lemma vec_group_inv:
  assumes "vec_subgroup V" "u \<in> V" shows "inv\<^bsub>vec_group V\<^esub> u = (\<lambda>k. - u k)"
proof -
  interpret comm_group "vec_group V" using comm_group_vec_group[OF assms(1)] .
  show ?thesis using assms by (intro inv_equality) (auto simp: vec_subgroup_neg)
qed

lemma subgroup_vec_group:
  assumes "vec_subgroup V" "vec_subgroup H" "H \<subseteq> V" shows "subgroup H (vec_group V)"
proof -
  interpret comm_group "vec_group V" using comm_group_vec_group[OF assms(1)] .
  show ?thesis
    using assms vec_group_inv[OF assms(1)] vec_subgroup_zero[OF assms(2)]
    by (intro subgroupI) (auto simp: vec_subgroup_add vec_subgroup_neg)
qed

lemma normal_vec_group:
  "vec_subgroup V \<Longrightarrow> vec_subgroup H \<Longrightarrow> H \<subseteq> V \<Longrightarrow> H \<lhd> vec_group V"
  by (rule comm_group.subgroup_imp_normal[OF comm_group_vec_group subgroup_vec_group])

lemma comm_group_vec_group_Mod:
  "vec_subgroup V \<Longrightarrow> vec_subgroup H \<Longrightarrow> H \<subseteq> V \<Longrightarrow> comm_group (vec_group V Mod H)"
  by (rule comm_group.abelian_FactGroup[OF comm_group_vec_group subgroup_vec_group])

lemma r_coset_vec_group: "H #>\<^bsub>vec_group V\<^esub> x = (\<lambda>h k. h k + x k) ` H"
  by (auto simp: r_coset_def)

lemma r_coset_vec_group_eq_iff:
  assumes "vec_subgroup H"
  shows "H #>\<^bsub>vec_group V\<^esub> x = H #>\<^bsub>vec_group V\<^esub> y \<longleftrightarrow> (\<lambda>k. x k - y k) \<in> H"
proof
  assume "H #>\<^bsub>vec_group V\<^esub> x = H #>\<^bsub>vec_group V\<^esub> y"
  moreover have "x \<in> H #>\<^bsub>vec_group V\<^esub> x"
    unfolding r_coset_vec_group using vec_subgroup_zero[OF assms] by (intro rev_image_eqI) auto
  ultimately obtain h where "h \<in> H" "x = (\<lambda>k. h k + y k)"
    unfolding r_coset_vec_group by auto
  then show "(\<lambda>k. x k - y k) \<in> H" by simp
next
  assume d: "(\<lambda>k. x k - y k) \<in> H"
  have "(\<lambda>k. h k + x k) \<in> (\<lambda>h k. h k + y k) ` H" if "h \<in> H" for h
    using vec_subgroup_add[OF assms that d] by (intro rev_image_eqI) auto
  moreover have "(\<lambda>k. h k + y k) \<in> (\<lambda>h k. h k + x k) ` H" if "h \<in> H" for h
    using vec_subgroup_diff[OF assms that d] by (intro rev_image_eqI) auto
  ultimately show "H #>\<^bsub>vec_group V\<^esub> x = H #>\<^bsub>vec_group V\<^esub> y"
    unfolding r_coset_vec_group by blast
qed

lemma r_coset_vec_group_eq_self_iff:
  assumes "vec_subgroup H" shows "H #>\<^bsub>vec_group V\<^esub> x = H \<longleftrightarrow> x \<in> H"
proof -
  have "H #>\<^bsub>vec_group V\<^esub> (\<lambda>k. 0) = H" unfolding r_coset_vec_group by simp
  then show ?thesis using r_coset_vec_group_eq_iff[OF assms, of V x "\<lambda>k. 0"] by simp
qed

lemma vec_group_nat_pow: "w [^]\<^bsub>vec_group V\<^esub> (m::nat) = (\<lambda>k. int m * w k)"
  by (induction m) (simp_all add: algebra_simps)

lemma vec_group_int_pow:
  assumes "vec_subgroup V" "w \<in> V" shows "w [^]\<^bsub>vec_group V\<^esub> (t::int) = (\<lambda>k. t * w k)"
proof (cases "t < 0")
  case True
  interpret comm_group "vec_group V" using comm_group_vec_group[OF assms(1)] .
  have "w [^]\<^bsub>vec_group V\<^esub> nat (- t) \<in> V" using assms(2) nat_pow_closed by simp
  then show ?thesis
    using True by (simp add: int_pow_def2 vec_group_nat_pow vec_group_inv[OF assms(1)])
next
  case False
  then show ?thesis by (simp add: int_pow_def2 vec_group_nat_pow)
qed

lemma r_coset_int_pow_vec_group_Mod:
  assumes "vec_subgroup V" "vec_subgroup H" "H \<subseteq> V" "w \<in> V"
  shows "(H #>\<^bsub>vec_group V\<^esub> w) [^]\<^bsub>vec_group V Mod H\<^esub> (t::int) = H #>\<^bsub>vec_group V\<^esub> (\<lambda>k. t * w k)"
proof -
  interpret normal H "vec_group V" using normal_vec_group[OF assms(1-3)] .
  have "H #>\<^bsub>vec_group V\<^esub> (w [^]\<^bsub>vec_group V\<^esub> t) = (H #>\<^bsub>vec_group V\<^esub> w) [^]\<^bsub>vec_group V Mod H\<^esub> t"
    using hom_int_pow[OF r_coset_hom_Mod, of w t] assms(4) is_group factorgroup_is_group
    by (simp only: vec_group_simps(1) simp_thms)
  then show ?thesis by (simp only: vec_group_int_pow[OF assms(1,4)])
qed
definition signature :: "('a \<Rightarrow> 'a \<Rightarrow> bool) \<Rightarrow> ('a \<Rightarrow> 'a \<Rightarrow> real) \<Rightarrow> bool" where
  "signature E \<sigma> \<longleftrightarrow> (\<forall>x y. E x y \<longrightarrow> \<sigma> x y = \<sigma> y x \<and> (\<sigma> x y = 1 \<or> \<sigma> x y = -1))"

definition walk :: "('a \<Rightarrow> 'a \<Rightarrow> bool) \<Rightarrow> 'a list \<Rightarrow> bool" where
  "walk E ys \<longleftrightarrow> length ys \<ge> 2 \<and> (\<forall>i. i + 1 < length ys \<longrightarrow> E (ys ! i) (ys ! (i + 1)))"

definition cycle :: "('a \<Rightarrow> 'a \<Rightarrow> bool) \<Rightarrow> 'a list \<Rightarrow> bool" where
  "cycle E cs \<longleftrightarrow> length cs \<ge> 3 \<and> distinct cs \<and> walk E cs \<and> E (last cs) (hd cs)"

definition cycle_sign :: "('a \<Rightarrow> 'a \<Rightarrow> real) \<Rightarrow> 'a list \<Rightarrow> real" where
  "cycle_sign \<sigma> cs = (\<Prod>i<length cs - 1. \<sigma> (cs ! i) (cs ! (i + 1))) * \<sigma> (last cs) (hd cs)"

definition balanced :: "('a \<Rightarrow> 'a \<Rightarrow> bool) \<Rightarrow> ('a \<Rightarrow> 'a \<Rightarrow> real) \<Rightarrow> bool" where
  "balanced E \<sigma> \<longleftrightarrow> (\<forall>cs. cycle E cs \<longrightarrow> cycle_sign \<sigma> cs = 1)"

definition S_walk :: "('a \<Rightarrow> 'a \<Rightarrow> bool) \<Rightarrow> ('a \<Rightarrow> 'a \<Rightarrow> real) \<Rightarrow> ('a \<Rightarrow> real) \<Rightarrow> 'a list \<Rightarrow> bool" where
  "S_walk E \<sigma> f ys \<longleftrightarrow> walk E ys \<and>
     (\<forall>j. j + 1 < length ys \<longrightarrow> f (ys ! j) * \<sigma> (ys ! j) (ys ! (j + 1)) * f (ys ! (j + 1)) > 0)"

definition W_walk :: "('a \<Rightarrow> 'a \<Rightarrow> bool) \<Rightarrow> ('a \<Rightarrow> 'a \<Rightarrow> real) \<Rightarrow> ('a \<Rightarrow> real) \<Rightarrow> 'a list \<Rightarrow> bool" where
  "W_walk E \<sigma> f ys \<longleftrightarrow> walk E ys \<and>
     (\<forall>i j. i < j \<and> j < length ys \<and> f (ys ! i) \<noteq> 0 \<and> f (ys ! j) \<noteq> 0
        \<and> (\<forall>l. i < l \<and> l < j \<longrightarrow> f (ys ! l) = 0) \<longrightarrow>
        f (ys ! i) * (\<Prod>l\<in>{i..<j}. \<sigma> (ys ! l) (ys ! (l + 1))) * f (ys ! j) > 0)"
————————
## Task directions
All lines from the one with "(\<forall>i j. i" through the end of the data must be repeated exactly, and nothing else may be repeated.

## Solution to this problem
     (\<forall>i j. i < j \<and> j < length ys \<and> f (ys ! i) \<noteq> 0 \<and> f (ys ! j) \<noteq> 0
        \<and> (\<forall>l. i < l \<and> l < j \<longrightarrow> f (ys ! l) = 0) \<longrightarrow>
        f (ys ! i) * (\<Prod>l\<in>{i..<j}. \<sigma> (ys ! l) (ys ! (l + 1))) * f (ys ! j) > 0)"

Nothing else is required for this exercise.